ACTIVITY | Search the records below for the string "lemma", and report each line that contains it.

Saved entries
lemma boundary_potential_le:
  assumes z: "z \<in> sq_carrier X" and p: "p \<in> M0"
  shows "boundary_potential X \<sigma> \<tau> z \<le> sq_dist X z (sq_map X p) + \<sigma> * fst p + \<tau> * snd p"
  unfolding boundary_potential_def
proof (rule cInf_lower)
  have "-2 \<le> sq_dist X z (sq_map X q) + \<sigma> * fst q + \<tau> * snd q" if "q \<in> M0" for q
    using sqms_dist_nonneg[OF X z sqms_map_in_carrier[OF X that]] M0_bounds[OF that] signs by auto
  then show "bdd_below ((\<lambda>p. sq_dist X z (sq_map X p) + \<sigma> * fst p + \<tau> * snd p) ` M0)"
    unfolding bdd_below_def by blast
qed (use p in blast)

lemma boundary_potential_ge:
  "(\<And>p. p \<in> M0 \<Longrightarrow> c \<le> sq_dist X z (sq_map X p) + \<sigma> * fst p + \<tau> * snd p) \<Longrightarrow>
    c \<le> boundary_potential X \<sigma> \<tau> z"
  unfolding boundary_potential_def using zero_in_M0 by (intro cInf_greatest) auto

lemma boundary_potential_lipschitz:
  assumes z: "z \<in> sq_carrier X" and w: "w \<in> sq_carrier X"
  shows "boundary_potential X \<sigma> \<tau> z \<le> sq_dist X z w + boundary_potential X \<sigma> \<tau> w"
proof -
  have "boundary_potential X \<sigma> \<tau> z - sq_dist X z w \<le> boundary_potential X \<sigma> \<tau> w"
  proof (rule boundary_potential_ge)
    fix p assume p: "p \<in> M0"
    show "boundary_potential X \<sigma> \<tau> z - sq_dist X z w \<le> sq_dist X w (sq_map X p) + \<sigma> * fst p + \<tau> * snd p"
      using boundary_potential_le[OF z p] sqms_dist_triangle[OF X z w sqms_map_in_carrier[OF X p]]
      by linarith
  qed
  then show ?thesis by linarith
qed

YOUR RESPONSE |
lemma boundary_potential_le:
lemma boundary_potential_ge:
lemma boundary_potential_lipschitz:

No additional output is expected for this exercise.